IIRC, most chlorides are corrosive. The best solution is to burn dry wood and hot enough to not need bandaid solutions. When creosote accumulates, get out the chimney brush. 

http://www.woodheat.org/q&a/qamaintenance.htm


----------



## Backwoods Savage (Feb 24, 2010)

This is another case of people trying to get around what is really needed to be done. Do it right in the beginning and don't worry and you won't have to try to be "tricky" in your methods. As has been stated by several, burn good wood and you won't have to resort to tricks.
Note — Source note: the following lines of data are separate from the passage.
lemma card_vertices_le_special:
  assumes "\<forall>v\<in>vertices M. vdeg M v \<le> b" "b > 0"
    and "\<forall>v\<in>vertices M. \<exists>w\<in>vertices M. dist_le M r v w \<and> special_vertex M w"
  shows "card (vertices M) \<le> (2 * b) ^ r * card (special_vertices M)"
proof -
  have "vertices M = (\<Union>w\<in>special_vertices M. {v \<in> vertices M. dist_le M r v w})"
    using assms(3) by (auto simp: special_vertices_def)
  moreover have "finite (special_vertices M)"
    using finite_vertices by (simp add: special_vertices_def)
  ultimately have "card (vertices M) \<le>
      (\<Sum>w\<in>special_vertices M. card {v \<in> vertices M. dist_le M r v w})"
    by (metis card_UN_le)
  also have "\<dots> \<le> (\<Sum>w\<in>special_vertices M. (2 * b) ^ r)"
    using card_ball_le[OF assms(1,2)] by (rule sum_mono)
  finally show ?thesis by (simp add: mult.commute)
qed

lemma card_special_vertices_le:
  assumes "\<forall>F\<in>faces M. fdeg F \<le> b"
  shows "card (special_vertices M) \<le>
           perimeter M + card (nonflat_interior_vertices M) + b * card (nonflat_faces M)"
proof -
  let ?B = "boundary_vertices M" and ?NV = "nonflat_interior_vertices M"
    and ?NFV = "\<Union>F\<in>nonflat_faces M. src M ` F"
  have fin_NF: "finite (nonflat_faces M)"
    using finite_faces by (simp add: nonflat_faces_def)
  have fin_face: "finite F" if "F \<in> nonflat_faces M" for F
    using that finite_face by (simp add: nonflat_faces_def faces_def)
  have "special_vertices M \<subseteq> ?B \<union> ?NV \<union> ?NFV"
    by (auto simp: special_vertices_def special_vertex_def boundary_vertices_def
        nonflat_interior_vertices_def nonflat_faces_def)
  moreover have "finite (?B \<union> ?NV \<union> ?NFV)"
  proof -
    have "?B \<union> ?NV \<subseteq> vertices M"
      by (auto simp: boundary_vertices_def boundary_vertex_def
          nonflat_interior_vertices_def interior_vertex_def)
    then show ?thesis using finite_vertices fin_NF fin_face by (auto intro: finite_subset)
  qed
  ultimately have "card (special_vertices M) \<le> card (?B \<union> ?NV \<union> ?NFV)"
    by (rule card_mono[rotated])
  also have "\<dots> \<le> card ?B + card ?NV + card ?NFV"
    using card_Un_le[of "?B \<union> ?NV" ?NFV] card_Un_le[of ?B ?NV] by linarith
  also have "card ?NFV \<le> (\<Sum>F\<in>nonflat_faces M. card (src M ` F))"
    using fin_NF by (rule card_UN_le)
  also have "\<dots> \<le> (\<Sum>F\<in>nonflat_faces M. b)"
  proof (rule sum_mono)
    fix F assume "F \<in> nonflat_faces M"
    then have "card F \<le> b"
      using assms by (simp add: nonflat_faces_def fdeg_def)
    then show "card (src M ` F) \<le> b"
      using card_image_le[OF fin_face[OF \<open>F \<in> nonflat_faces M\<close>], of "src M"] by linarith
  qed
  finally show ?thesis
    using card_boundary_vertices_le_perimeter by (simp add: mult.commute)
qed

end

lemma delta_b_map_is_map: "delta_b_map \<delta> b M \<Longrightarrow> is_map M"
  by (simp add: delta_b_map_def)

lemma sum_face_curv_le:
  assumes "delta_b_map \<delta> b M"
  shows "(\<Sum>F\<in>faces M. face_curv M F) \<le> - \<delta> * card (nonflat_faces M)"
proof -
  have "(\<Sum>F\<in>faces M. face_curv M F) \<le> (\<Sum>F\<in>faces M. if face_curv M F \<noteq> 0 then - \<delta> else 0)"
    using assms by (intro sum_mono) (auto simp: delta_b_map_def)
  also have "\<dots> = - \<delta> * card (nonflat_faces M)"
    using finite_faces[OF delta_b_map_is_map[OF assms]] by (simp add: sum_if_const nonflat_faces_def)
  finally show ?thesis .
qed

lemma sum_vertex_curv_le:
  assumes "delta_b_map \<delta> b M"
  shows "(\<Sum>v\<in>vertices M. vertex_curv M v) \<le>
           pi * card (boundary_vertices M) - \<delta> * card (nonflat_interior_vertices M)"
proof -
  have map: "is_map M" using assms by (rule delta_b_map_is_map)
  have "vertex_curv M v \<le> (if boundary_vertex M v then pi else 0) +
      (if interior_vertex M v \<and> vertex_curv M v \<noteq> 0 then - \<delta> else 0)" if "v \<in> vertices M" for v
    using assms that vertex_curv_le_pi[OF map, of v]
    by (auto simp: delta_b_map_def boundary_vertex_def interior_vertex_def)
  then have "(\<Sum>v\<in>vertices M. vertex_curv M v) \<le>
      (\<Sum>v\<in>vertices M. if boundary_vertex M v then pi else 0) +
      (\<Sum>v\<in>vertices M. if interior_vertex M v \<and> vertex_curv M v \<noteq> 0 then - \<delta> else 0)"
    by (simp add: sum_mono flip: sum.distrib)
  also have "\<dots> = pi * card (boundary_vertices M) - \<delta> * card (nonflat_interior_vertices M)"
  proof -
    have "boundary_vertices M = {v \<in> vertices M. boundary_vertex M v}"
      "nonflat_interior_vertices M = {v \<in> vertices M. interior_vertex M v \<and> vertex_curv M v \<noteq> 0}"
      by (auto simp: boundary_vertices_def nonflat_interior_vertices_def boundary_vertex_def
          interior_vertex_def)
    then show ?thesis using finite_vertices[OF map] by (simp add: sum_if_const)
  qed
  finally show ?thesis .
qed

lemma nonflat_count_le:
  assumes "delta_b_map \<delta> b M"
  shows "\<delta> * (card (nonflat_interior_vertices M) + card (nonflat_faces M)) \<le> pi * perimeter M"
proof -
  have map: "is_map M" using assms by (rule delta_b_map_is_map)
  have "2 * pi \<le> pi * card (boundary_vertices M)
      - \<delta> * (card (nonflat_interior_vertices M) + card (nonflat_faces M))"
    using gauss_bonnet[OF map] sum_face_curv_le[OF assms] sum_vertex_curv_le[OF assms]
    by (simp add: algebra_simps)
  moreover have "pi * card (boundary_vertices M) \<le> pi * perimeter M"
    using card_boundary_vertices_le_perimeter[OF map] by simp
  ultimately show ?thesis using pi_gt_zero by linarith
qed

lemma card_special_vertices_le_perimeter:
  assumes "\<delta> > 0" "b > 0" "delta_b_map \<delta> b M"
  shows "real (card (special_vertices M)) \<le> (1 + b * pi / \<delta>) * perimeter M"
proof -
  let ?NV = "real (card (nonflat_interior_vertices M))" and ?NF = "real (card (nonflat_faces M))"
  have "real (card (special_vertices M)) \<le> perimeter M + ?NV + b * ?NF"
    using card_special_vertices_le[OF delta_b_map_is_map[OF assms(3)], of b] assms(3)
    unfolding delta_b_map_def by (simp flip: of_nat_add of_nat_mult)
  also have "\<dots> \<le> perimeter M + b * (?NV + ?NF)"
    using assms(2) mult_right_mono[of 1 "real b" ?NV] by (simp add: distrib_left)
  also have "?NV + ?NF \<le> pi * perimeter M / \<delta>"
    using nonflat_count_le[OF assms(3)] assms(1) by (simp add: field_simps)
  finally show ?thesis
    using assms(2) by (simp add: algebra_simps mult_left_mono)
qed

lemma area_le_perimeter:
  assumes "\<delta> > 0" "b > 0" "delta_b_map \<delta> b M"
    and "\<forall>v\<in>vertices M. \<exists>w\<in>vertices M. dist_le M r v w \<and> special_vertex M w"
  shows "real (area M) \<le> b * (1 + b * pi / \<delta>) * (2 * b) ^ r * perimeter M"
proof -
  have map: "is_map M" and vdeg: "\<forall>v\<in>vertices M. vdeg M v \<le> b"
    using assms(3) by (auto simp: delta_b_map_def)
  have "area M \<le> (\<Sum>v\<in>vertices M. vdeg M v)"
    using area_le_card_darts[OF map] sum_vdeg[OF map] by simp
  also have "\<dots> \<le> b * card (vertices M)"
    using vdeg sum_bounded_above[of "vertices M" "vdeg M" b] by (simp add: mult.commute)
  also have "\<dots> \<le> b * ((2 * b) ^ r * card (special_vertices M))"
    using card_vertices_le_special[OF map vdeg assms(2,4)] by simp
  finally have "real (area M) \<le> b * (2 * b) ^ r * real (card (special_vertices M))"
    by (simp flip: of_nat_mult of_nat_power)
  also have "\<dots> \<le> b * (2 * b) ^ r * ((1 + b * pi / \<delta>) * perimeter M)"
    using card_special_vertices_le_perimeter[OF assms(1-3)] by (intro mult_left_mono) auto
  finally show ?thesis by (simp add: algebra_simps)
qed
Clean the chimney at least annually (for most).


----------



## Adios Pantalones (Feb 24, 2010)

Batten- Sodium silicate is the product.   The Cl forms HCl.  Now in pottery many use soda ash or sodium bicarb, which don't produce HCl (this is what I have used).  salt/soda glazed pottery often has a distinctive "orange peel" texture.


----------



## CrawfordCentury (Feb 24, 2010)

Carbon_Liberator said:
			
		

> *You could also try one of these.*



Yup. To my mind, salt, aluminium cans, store-bought products, voodoo, whatever - I just don't get the peace of mind that comes with getting up on the roof with a brush and rods. 

We burn only well-seasoned wood in a good hot stove. But this year's mild New England fall and winter got me concerned so I did a mid-season cleaning. Turned out to not be necessary, but having done it, I know with certainty we're good to go through the end of heating season in May.


----------



## firefighterjake (Feb 24, 2010)

CrawfordCentury said:
			
		

> Carbon_Liberator said:
> 
> 
> 
> ...



Hmmm . . . voodoo . . . now you've got me thinking . . . if I made a little voodoo mock up of my woodstove and chimney and stuck a Q-tip down the mocked-up chimney . . . .


----------



## CrawfordCentury (Feb 24, 2010)

firefighterjake said:
			
		

> CrawfordCentury said:
> 
> 
> 
> ...



Uh-oh. Hope yer on good speaking terms with the other boys at the BFD. 

I will say that you're sure to give the ins. claims adjuster a good chuckle when he goes to review your file.


----------